What you will do:
Every record should be written out again in full, with no character altered.

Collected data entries
━━━━
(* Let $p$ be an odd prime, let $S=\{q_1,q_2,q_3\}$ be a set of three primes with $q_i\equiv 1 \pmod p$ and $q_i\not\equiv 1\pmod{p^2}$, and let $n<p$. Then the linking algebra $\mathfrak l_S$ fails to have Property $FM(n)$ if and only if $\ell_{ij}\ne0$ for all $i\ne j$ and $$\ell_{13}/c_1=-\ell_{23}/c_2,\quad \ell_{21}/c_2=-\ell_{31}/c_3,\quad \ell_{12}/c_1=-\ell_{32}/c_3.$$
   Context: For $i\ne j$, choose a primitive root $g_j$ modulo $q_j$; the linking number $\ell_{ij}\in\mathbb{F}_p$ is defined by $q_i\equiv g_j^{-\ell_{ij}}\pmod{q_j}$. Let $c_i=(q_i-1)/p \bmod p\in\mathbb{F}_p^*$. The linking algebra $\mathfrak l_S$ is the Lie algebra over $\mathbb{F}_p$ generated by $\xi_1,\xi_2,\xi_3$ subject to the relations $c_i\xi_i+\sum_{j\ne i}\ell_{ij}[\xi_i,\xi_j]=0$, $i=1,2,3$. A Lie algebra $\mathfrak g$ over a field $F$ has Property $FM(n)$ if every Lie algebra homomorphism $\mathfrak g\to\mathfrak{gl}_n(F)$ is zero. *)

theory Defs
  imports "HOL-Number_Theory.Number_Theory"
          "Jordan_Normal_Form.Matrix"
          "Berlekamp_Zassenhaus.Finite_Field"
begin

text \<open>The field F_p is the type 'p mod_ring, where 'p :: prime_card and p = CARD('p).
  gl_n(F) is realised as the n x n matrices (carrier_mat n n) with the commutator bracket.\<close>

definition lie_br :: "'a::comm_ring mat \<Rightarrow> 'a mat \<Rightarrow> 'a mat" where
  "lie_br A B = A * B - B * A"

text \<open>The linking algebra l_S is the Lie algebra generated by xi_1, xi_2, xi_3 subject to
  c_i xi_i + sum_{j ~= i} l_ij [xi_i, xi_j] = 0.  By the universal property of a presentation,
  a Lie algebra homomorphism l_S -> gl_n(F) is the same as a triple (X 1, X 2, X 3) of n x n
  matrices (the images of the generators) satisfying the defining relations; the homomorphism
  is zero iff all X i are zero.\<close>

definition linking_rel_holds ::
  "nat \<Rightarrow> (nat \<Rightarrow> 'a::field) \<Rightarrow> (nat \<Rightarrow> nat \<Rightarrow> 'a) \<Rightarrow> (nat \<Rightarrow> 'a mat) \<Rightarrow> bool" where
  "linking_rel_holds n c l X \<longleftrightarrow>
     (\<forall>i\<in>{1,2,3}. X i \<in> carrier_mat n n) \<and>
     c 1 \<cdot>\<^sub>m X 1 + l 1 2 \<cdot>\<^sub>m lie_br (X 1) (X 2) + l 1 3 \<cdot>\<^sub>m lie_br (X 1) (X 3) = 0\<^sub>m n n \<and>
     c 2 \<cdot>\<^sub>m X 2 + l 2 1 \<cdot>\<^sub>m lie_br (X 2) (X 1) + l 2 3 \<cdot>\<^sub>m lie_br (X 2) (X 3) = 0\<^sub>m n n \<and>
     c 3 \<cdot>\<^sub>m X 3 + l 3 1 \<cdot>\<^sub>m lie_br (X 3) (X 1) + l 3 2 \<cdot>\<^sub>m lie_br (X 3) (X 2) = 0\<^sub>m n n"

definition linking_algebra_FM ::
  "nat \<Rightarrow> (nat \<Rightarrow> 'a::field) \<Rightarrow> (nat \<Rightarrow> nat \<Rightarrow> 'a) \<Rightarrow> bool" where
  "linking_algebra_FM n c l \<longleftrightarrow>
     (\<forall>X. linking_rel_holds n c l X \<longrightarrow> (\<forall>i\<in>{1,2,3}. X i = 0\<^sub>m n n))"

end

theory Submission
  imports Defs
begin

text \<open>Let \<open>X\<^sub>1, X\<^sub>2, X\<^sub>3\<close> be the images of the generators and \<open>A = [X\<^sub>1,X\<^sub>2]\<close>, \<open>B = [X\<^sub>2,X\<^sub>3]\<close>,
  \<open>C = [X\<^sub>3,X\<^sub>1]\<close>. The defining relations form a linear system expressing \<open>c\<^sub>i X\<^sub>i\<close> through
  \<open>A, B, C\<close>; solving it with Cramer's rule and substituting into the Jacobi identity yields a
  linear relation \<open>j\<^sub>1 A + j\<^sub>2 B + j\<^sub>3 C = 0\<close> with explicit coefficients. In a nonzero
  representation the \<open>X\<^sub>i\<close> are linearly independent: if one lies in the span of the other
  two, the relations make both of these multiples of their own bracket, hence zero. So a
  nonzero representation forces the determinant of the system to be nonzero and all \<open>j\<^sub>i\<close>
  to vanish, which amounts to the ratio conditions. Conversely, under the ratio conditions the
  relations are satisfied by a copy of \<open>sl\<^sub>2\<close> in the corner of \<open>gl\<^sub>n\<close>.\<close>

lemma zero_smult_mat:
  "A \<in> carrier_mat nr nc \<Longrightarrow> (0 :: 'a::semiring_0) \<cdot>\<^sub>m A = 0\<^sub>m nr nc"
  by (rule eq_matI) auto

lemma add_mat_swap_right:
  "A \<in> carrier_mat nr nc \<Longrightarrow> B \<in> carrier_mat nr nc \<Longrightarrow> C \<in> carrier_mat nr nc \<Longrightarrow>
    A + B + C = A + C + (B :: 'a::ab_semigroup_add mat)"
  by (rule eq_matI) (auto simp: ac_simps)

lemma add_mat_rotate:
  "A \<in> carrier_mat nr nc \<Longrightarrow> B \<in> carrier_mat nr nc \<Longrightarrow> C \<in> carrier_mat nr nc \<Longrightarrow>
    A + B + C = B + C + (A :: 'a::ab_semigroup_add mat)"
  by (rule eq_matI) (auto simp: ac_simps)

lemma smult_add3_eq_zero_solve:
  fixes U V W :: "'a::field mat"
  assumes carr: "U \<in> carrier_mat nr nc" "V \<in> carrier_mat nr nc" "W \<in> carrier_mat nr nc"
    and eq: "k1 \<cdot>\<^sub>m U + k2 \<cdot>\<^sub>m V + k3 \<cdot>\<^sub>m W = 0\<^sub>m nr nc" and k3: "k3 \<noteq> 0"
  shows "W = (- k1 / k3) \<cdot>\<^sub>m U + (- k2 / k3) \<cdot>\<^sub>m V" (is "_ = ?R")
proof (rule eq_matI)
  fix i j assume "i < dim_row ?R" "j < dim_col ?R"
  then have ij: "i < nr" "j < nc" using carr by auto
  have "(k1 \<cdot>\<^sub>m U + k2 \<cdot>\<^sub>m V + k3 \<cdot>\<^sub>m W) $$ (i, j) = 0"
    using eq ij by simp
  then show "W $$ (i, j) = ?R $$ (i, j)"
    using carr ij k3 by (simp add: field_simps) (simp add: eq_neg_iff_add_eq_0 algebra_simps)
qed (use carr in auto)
━━━━
Task solution:
(* Let $p$ be an odd prime, let $S=\{q_1,q_2,q_3\}$ be a set of three primes with $q_i\equiv 1 \pmod p$ and $q_i\not\equiv 1\pmod{p^2}$, and let $n<p$. Then the linking algebra $\mathfrak l_S$ fails to have Property $FM(n)$ if and only if $\ell_{ij}\ne0$ for all $i\ne j$ and $$\ell_{13}/c_1=-\ell_{23}/c_2,\quad \ell_{21}/c_2=-\ell_{31}/c_3,\quad \ell_{12}/c_1=-\ell_{32}/c_3.$$
   Context: For $i\ne j$, choose a primitive root $g_j$ modulo $q_j$; the linking number $\ell_{ij}\in\mathbb{F}_p$ is defined by $q_i\equiv g_j^{-\ell_{ij}}\pmod{q_j}$. Let $c_i=(q_i-1)/p \bmod p\in\mathbb{F}_p^*$. The linking algebra $\mathfrak l_S$ is the Lie algebra over $\mathbb{F}_p$ generated by $\xi_1,\xi_2,\xi_3$ subject to the relations $c_i\xi_i+\sum_{j\ne i}\ell_{ij}[\xi_i,\xi_j]=0$, $i=1,2,3$. A Lie algebra $\mathfrak g$ over a field $F$ has Property $FM(n)$ if every Lie algebra homomorphism $\mathfrak g\to\mathfrak{gl}_n(F)$ is zero. *)

theory Defs
  imports "HOL-Number_Theory.Number_Theory"
          "Jordan_Normal_Form.Matrix"
          "Berlekamp_Zassenhaus.Finite_Field"
begin

text \<open>The field F_p is the type 'p mod_ring, where 'p :: prime_card and p = CARD('p).
  gl_n(F) is realised as the n x n matrices (carrier_mat n n) with the commutator bracket.\<close>

definition lie_br :: "'a::comm_ring mat \<Rightarrow> 'a mat \<Rightarrow> 'a mat" where
  "lie_br A B = A * B - B * A"

text \<open>The linking algebra l_S is the Lie algebra generated by xi_1, xi_2, xi_3 subject to
  c_i xi_i + sum_{j ~= i} l_ij [xi_i, xi_j] = 0.  By the universal property of a presentation,
  a Lie algebra homomorphism l_S -> gl_n(F) is the same as a triple (X 1, X 2, X 3) of n x n
  matrices (the images of the generators) satisfying the defining relations; the homomorphism
  is zero iff all X i are zero.\<close>

definition linking_rel_holds ::
  "nat \<Rightarrow> (nat \<Rightarrow> 'a::field) \<Rightarrow> (nat \<Rightarrow> nat \<Rightarrow> 'a) \<Rightarrow> (nat \<Rightarrow> 'a mat) \<Rightarrow> bool" where
  "linking_rel_holds n c l X \<longleftrightarrow>
     (\<forall>i\<in>{1,2,3}. X i \<in> carrier_mat n n) \<and>
     c 1 \<cdot>\<^sub>m X 1 + l 1 2 \<cdot>\<^sub>m lie_br (X 1) (X 2) + l 1 3 \<cdot>\<^sub>m lie_br (X 1) (X 3) = 0\<^sub>m n n \<and>
     c 2 \<cdot>\<^sub>m X 2 + l 2 1 \<cdot>\<^sub>m lie_br (X 2) (X 1) + l 2 3 \<cdot>\<^sub>m lie_br (X 2) (X 3) = 0\<^sub>m n n \<and>
     c 3 \<cdot>\<^sub>m X 3 + l 3 1 \<cdot>\<^sub>m lie_br (X 3) (X 1) + l 3 2 \<cdot>\<^sub>m lie_br (X 3) (X 2) = 0\<^sub>m n n"

definition linking_algebra_FM ::
  "nat \<Rightarrow> (nat \<Rightarrow> 'a::field) \<Rightarrow> (nat \<Rightarrow> nat \<Rightarrow> 'a) \<Rightarrow> bool" where
  "linking_algebra_FM n c l \<longleftrightarrow>
     (\<forall>X. linking_rel_holds n c l X \<longrightarrow> (\<forall>i\<in>{1,2,3}. X i = 0\<^sub>m n n))"

end

theory Submission
  imports Defs
begin

text \<open>Let \<open>X\<^sub>1, X\<^sub>2, X\<^sub>3\<close> be the images of the generators and \<open>A = [X\<^sub>1,X\<^sub>2]\<close>, \<open>B = [X\<^sub>2,X\<^sub>3]\<close>,
  \<open>C = [X\<^sub>3,X\<^sub>1]\<close>. The defining relations form a linear system expressing \<open>c\<^sub>i X\<^sub>i\<close> through
  \<open>A, B, C\<close>; solving it with Cramer's rule and substituting into the Jacobi identity yields a
  linear relation \<open>j\<^sub>1 A + j\<^sub>2 B + j\<^sub>3 C = 0\<close> with explicit coefficients. In a nonzero
  representation the \<open>X\<^sub>i\<close> are linearly independent: if one lies in the span of the other
  two, the relations make both of these multiples of their own bracket, hence zero. So a
  nonzero representation forces the determinant of the system to be nonzero and all \<open>j\<^sub>i\<close>
  to vanish, which amounts to the ratio conditions. Conversely, under the ratio conditions the
  relations are satisfied by a copy of \<open>sl\<^sub>2\<close> in the corner of \<open>gl\<^sub>n\<close>.\<close>

lemma zero_smult_mat:
  "A \<in> carrier_mat nr nc \<Longrightarrow> (0 :: 'a::semiring_0) \<cdot>\<^sub>m A = 0\<^sub>m nr nc"
  by (rule eq_matI) auto

lemma add_mat_swap_right:
  "A \<in> carrier_mat nr nc \<Longrightarrow> B \<in> carrier_mat nr nc \<Longrightarrow> C \<in> carrier_mat nr nc \<Longrightarrow>
    A + B + C = A + C + (B :: 'a::ab_semigroup_add mat)"
  by (rule eq_matI) (auto simp: ac_simps)

lemma add_mat_rotate:
  "A \<in> carrier_mat nr nc \<Longrightarrow> B \<in> carrier_mat nr nc \<Longrightarrow> C \<in> carrier_mat nr nc \<Longrightarrow>
    A + B + C = B + C + (A :: 'a::ab_semigroup_add mat)"
  by (rule eq_matI) (auto simp: ac_simps)

lemma smult_add3_eq_zero_solve:
  fixes U V W :: "'a::field mat"
  assumes carr: "U \<in> carrier_mat nr nc" "V \<in> carrier_mat nr nc" "W \<in> carrier_mat nr nc"
    and eq: "k1 \<cdot>\<^sub>m U + k2 \<cdot>\<^sub>m V + k3 \<cdot>\<^sub>m W = 0\<^sub>m nr nc" and k3: "k3 \<noteq> 0"
  shows "W = (- k1 / k3) \<cdot>\<^sub>m U + (- k2 / k3) \<cdot>\<^sub>m V" (is "_ = ?R")
proof (rule eq_matI)
  fix i j assume "i < dim_row ?R" "j < dim_col ?R"
  then have ij: "i < nr" "j < nc" using carr by auto
  have "(k1 \<cdot>\<^sub>m U + k2 \<cdot>\<^sub>m V + k3 \<cdot>\<^sub>m W) $$ (i, j) = 0"
    using eq ij by simp
  then show "W $$ (i, j) = ?R $$ (i, j)"
    using carr ij k3 by (simp add: field_simps) (simp add: eq_neg_iff_add_eq_0 algebra_simps)
qed (use carr in auto)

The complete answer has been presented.